(* Let $(M,A)$ be a $d$-dimensional BUT-manifold. Then $M$ cannot be covered by $d+1$ closed sets none of which contains a pair $(x,A(x))$ of antipodal points.
   Context: A BUT (Borsuk–Ulam type) manifold is a pair $(M,A)$ where $M$ is a connected compact piecewise-linear $d$-dimensional manifold without boundary and $A:M\to M$ is a free simplicial involution ($A(A(x))=x$, $A(x)\neq x$), such that for every continuous $g:M\to\mathbb{R}^d$ there is $x\in M$ with $g(A(x))=g(x)$. *)

theory Defs
  imports "HOL-Analysis.Analysis"
begin

definition free_involution :: "'a set \<Rightarrow> ('a \<Rightarrow> 'a) \<Rightarrow> bool" where
  "free_involution M A \<longleftrightarrow> (\<forall>x\<in>M. A x \<in> M \<and> A (A x) = x \<and> A x \<noteq> x)"

definition simplicial_map_on :: "'a::euclidean_space set set \<Rightarrow> ('a \<Rightarrow> 'a) \<Rightarrow> bool" where
  "simplicial_map_on \<T> A \<longleftrightarrow>
     (\<forall>T\<in>\<T>. A ` T \<in> \<T> \<and>
        (\<forall>x\<in>T. \<forall>y\<in>T. \<forall>u::real. 0 \<le> u \<and> u \<le> 1 \<longrightarrow>
            A ((1 - u) *\<^sub>R x + u *\<^sub>R y) = (1 - u) *\<^sub>R A x + u *\<^sub>R A y))"

text \<open>Closed (compact) d-manifold without boundary: every point has an open
  neighbourhood homeomorphic to an open d-ball (of some d-dimensional linear subspace,
  i.e. a copy of R^d).\<close>
definition closed_manifold :: "nat \<Rightarrow> 'a::euclidean_space set \<Rightarrow> bool" where
  "closed_manifold d M \<longleftrightarrow> compact M \<and>
     (\<forall>x\<in>M. \<exists>U (S::'a set). openin (top_of_set M) U \<and> x \<in> U \<and> subspace S \<and> dim S = d \<and>
                    U homeomorphic (ball 0 1 \<inter> S))"

text \<open>Borsuk-Ulam property: every continuous map from M to R^d (realised as any
  d-dimensional linear subspace S of the ambient space) identifies some pair x, A x.\<close>
definition BU_property :: "nat \<Rightarrow> 'a::euclidean_space set \<Rightarrow> ('a \<Rightarrow> 'a) \<Rightarrow> bool" where
  "BU_property d M A \<longleftrightarrow>
     (\<forall>S (g::'a \<Rightarrow> 'a). subspace S \<and> dim S = d \<and> continuous_on M g \<and> g ` M \<subseteq> S
        \<longrightarrow> (\<exists>x\<in>M. g (A x) = g x))"

definition BUT_manifold :: "nat \<Rightarrow> 'a::euclidean_space set \<Rightarrow> ('a \<Rightarrow> 'a) \<Rightarrow> bool" where
  "BUT_manifold d M A \<longleftrightarrow>
     M \<noteq> {} \<and> connected M \<and> closed_manifold d M \<and>
     (\<exists>\<T>. triangulation \<T> \<and> \<Union>\<T> = M \<and> simplicial_map_on \<T> A) \<and>
     free_involution M A \<and> BU_property d M A"

end

theory Submission
  imports Defs
begin

text \<open>If closed sets \<open>F 0, \<dots>, F d\<close> cover \<open>M\<close> and none contains an antipodal pair, map
  \<open>x\<close> to the vector of distances \<open>(dist(x, F 1), \<dots>, dist(x, F d))\<close> in a \<open>d\<close>-dimensional
  subspace. The Borsuk-Ulam property yields \<open>x\<close> with the same distances as \<open>A x\<close>.
  Since each \<open>F i\<close> is closed, a zero distance means membership; so for \<open>i \<ge> 1\<close> neither
  \<open>x\<close> nor \<open>A x\<close> lies in \<open>F i\<close>, and both must lie in \<open>F 0\<close>, a contradiction.\<close>

lemma inner_sum_orthonormal_family:
  fixes b :: "'i \<Rightarrow> 'a::real_inner"
  assumes "finite I" "inj_on b I" "pairwise orthogonal (b ` I)"
    and "\<And>i. i \<in> I \<Longrightarrow> norm (b i) = 1" and "j \<in> I"
  shows "(\<Sum>i\<in>I. c i *\<^sub>R b i) \<bullet> b j = c j"
proof -
  have orth: "b i \<bullet> b j = 0" if "i \<in> I - {j}" for i
  proof -
    have "b i \<noteq> b j" using that assms(2,5) inj_onD by fastforce
    then show ?thesis
      using that assms(3,5) by (simp add: pairwise_def orthogonal_def)
  qed
  have unit: "b j \<bullet> b j = 1" using assms(4,5) by (simp add: norm_eq_1)
  have "(\<Sum>i\<in>I. c i *\<^sub>R b i) \<bullet> b j = (\<Sum>i\<in>I. c i * (b i \<bullet> b j))"
    by (simp add: inner_sum_left)
  also have "\<dots> = c j * (b j \<bullet> b j) + (\<Sum>i\<in>I - {j}. c i * (b i \<bullet> b j))"
    using assms(1,5) by (simp add: sum.remove)
  finally show ?thesis
    using orth unit by simp
qed

lemma exists_map_into_subspace_determining_functions:
  fixes S :: "'a::euclidean_space set" and f :: "nat \<Rightarrow> 'b::topological_space \<Rightarrow> real"
  assumes "subspace S" "dim S = d" and cont: "\<And>i. i \<in> {1..d} \<Longrightarrow> continuous_on M (f i)"
  obtains g where "continuous_on M g" "g ` M \<subseteq> S"
    "\<And>x y. g x = g y \<Longrightarrow> \<forall>i\<in>{1..d}. f i x = f i y"
proof -
  obtain B where B: "B \<subseteq> S" "pairwise orthogonal B" "\<And>x. x \<in> B \<Longrightarrow> norm x = 1"
    "independent B" "card B = dim S"
    using orthonormal_basis_subspace[OF assms(1)] by blast
  obtain b where "bij_betw b {1..d} B"
    using ex_bij_betw_nat_finite_1 B(4,5) assms(2) independent_imp_finite by metis
  then have b: "inj_on b {1..d}" "b ` {1..d} = B"
    by (auto simp: bij_betw_def)
  define g where "g x = (\<Sum>i\<in>{1..d}. f i x *\<^sub>R b i)" for x
  show thesis
  proof
    show "continuous_on M g"
      unfolding g_def by (intro continuous_intros cont)
    show "g ` M \<subseteq> S"
      using b(2) B(1) unfolding g_def
      by (auto intro!: subspace_sum[OF assms(1)] subspace_mul[OF assms(1)])
    have "g x \<bullet> b j = f j x" if "j \<in> {1..d}" for x j
      unfolding g_def using b B(2,3) that
      by (intro inner_sum_orthonormal_family) auto
    then show "\<forall>i\<in>{1..d}. f i x = f i y" if "g x = g y" for x y
      using that by metis
  qed
qed

lemma BU_property_common_coincidence:
  fixes A :: "'a::euclidean_space \<Rightarrow> 'a" and f :: "nat \<Rightarrow> 'a \<Rightarrow> real"
  assumes "BU_property d M A" "d \<le> DIM('a)"
    and "\<And>i. i \<in> {1..d} \<Longrightarrow> continuous_on M (f i)"
  obtains x where "x \<in> M" "\<forall>i\<in>{1..d}. f i (A x) = f i x"
proof -
  obtain S :: "'a set" where S: "subspace S" "dim S = d"
    using choose_subspace_of_subspace[of d "UNIV :: 'a set"] assms(2) by (auto simp: dim_UNIV)
  obtain g where "continuous_on M g" "g ` M \<subseteq> S"
    and g: "\<And>x y. g x = g y \<Longrightarrow> \<forall>i\<in>{1..d}. f i x = f i y"
    using exists_map_into_subspace_determining_functions[where f = f, OF S assms(3)] by blast
  then obtain x where "x \<in> M" "g (A x) = g x"
    using assms(1) S unfolding BU_property_def by blast
  with g that show thesis by blast
qed

lemma BU_property_no_antipodal_free_closed_cover:
  fixes A :: "'a::euclidean_space \<Rightarrow> 'a"
  assumes "BU_property d M A" "d \<le> DIM('a)" "A ` M \<subseteq> M"
    and closed: "\<And>i. i \<le> d \<Longrightarrow> closedin (top_of_set M) (F i)"
    and cover: "M \<subseteq> (\<Union>i\<le>d. F i)"
    and antipodal_free: "\<And>i x. i \<le> d \<Longrightarrow> x \<in> M \<Longrightarrow> x \<in> F i \<Longrightarrow> A x \<notin> F i"
  shows False
proof -
  obtain x where x: "x \<in> M"
    and same_dist: "\<forall>i\<in>{1..d}. setdist {A x} (F i) = setdist {x} (F i)"
    using BU_property_common_coincidence[OF assms(1,2) continuous_on_setdist] by metis
  have Ax: "A x \<in> M" using x assms(3) by blast
  have not_in: "y \<notin> F i" if "y \<in> {x, A x}" "i \<in> {1..d}" for y i
  proof
    assume "y \<in> F i"
    have mem_iff: "z \<in> F i \<longleftrightarrow> setdist {z} (F i) = 0" if "z \<in> M" for z
      using setdist_eq_0_closedin[OF closed \<open>z \<in> M\<close>, of i] \<open>i \<in> {1..d}\<close> \<open>y \<in> F i\<close> by auto
    have "x \<in> F i" "A x \<in> F i"
      using \<open>y \<in> F i\<close> \<open>y \<in> {x, A x}\<close> same_dist \<open>i \<in> {1..d}\<close> mem_iff[OF x] mem_iff[OF Ax] by auto
    then show False using antipodal_free \<open>i \<in> {1..d}\<close> x by auto
  qed
  have "y \<in> F 0" if "y \<in> {x, A x}" for y
  proof -
    have "y \<in> M" using that x Ax by blast
    then obtain i where "i \<le> d" "y \<in> F i" using cover by blast
    with not_in[OF that] show ?thesis by (cases "i = 0") auto
  qed
  then show False using antipodal_free x by blast
qed

theorem mainTheorem8:
  fixes M :: "'a::euclidean_space set" and A :: "'a \<Rightarrow> 'a" and d :: nat
  assumes "BUT_manifold d M A"
  shows "\<not> (\<exists>F :: nat \<Rightarrow> 'a set.
              (\<forall>i\<le>d. closedin (top_of_set M) (F i)) \<and>
              M \<subseteq> (\<Union>i\<le>d. F i) \<and>
              (\<forall>i\<le>d. \<forall>x\<in>M. \<not> (x \<in> F i \<and> A x \<in> F i)))"
proof
  assume "\<exists>F :: nat \<Rightarrow> 'a set.
              (\<forall>i\<le>d. closedin (top_of_set M) (F i)) \<and>
              M \<subseteq> (\<Union>i\<le>d. F i) \<and>
              (\<forall>i\<le>d. \<forall>x\<in>M. \<not> (x \<in> F i \<and> A x \<in> F i))"
  then obtain F :: "nat \<Rightarrow> 'a set" where "\<forall>i\<le>d. closedin (top_of_set M) (F i)"
    "M \<subseteq> (\<Union>i\<le>d. F i)" "\<forall>i\<le>d. \<forall>x\<in>M. \<not> (x \<in> F i \<and> A x \<in> F i)"
    by blast
  moreover have "M \<noteq> {}" "closed_manifold d M" "free_involution M A" "BU_property d M A"
    using assms by (auto simp: BUT_manifold_def)
  moreover obtain S :: "'a set" where "dim S = d"
    using \<open>M \<noteq> {}\<close> \<open>closed_manifold d M\<close> unfolding closed_manifold_def by blast
  then have "d \<le> DIM('a)"
    using dim_subset_UNIV by blast
  moreover have "A ` M \<subseteq> M"
    using \<open>free_involution M A\<close> by (auto simp: free_involution_def)
  ultimately show False
    by (intro BU_property_no_antipodal_free_closed_cover[of d M A F]) auto
qed

end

_____

EXERCISE OBJECTIVE — Pull every line containing "Borsuk" out of the records.

COMPLETED TASK —
   Context: A BUT (Borsuk–Ulam type) manifold is a pair $(M,A)$ where $M$ is a connected compact piecewise-linear $d$-dimensional manifold without boundary and $A:M\to M$ is a free simplicial involution ($A(A(x))=x$, $A(x)\neq x$), such that for every continuous $g:M\to\mathbb{R}^d$ there is $x\in M$ with $g(A(x))=g(x)$. *)
text \<open>Borsuk-Ulam property: every continuous map from M to R^d (realised as any
  subspace. The Borsuk-Ulam property yields \<open>x\<close> with the same distances as \<open>A x\<close>.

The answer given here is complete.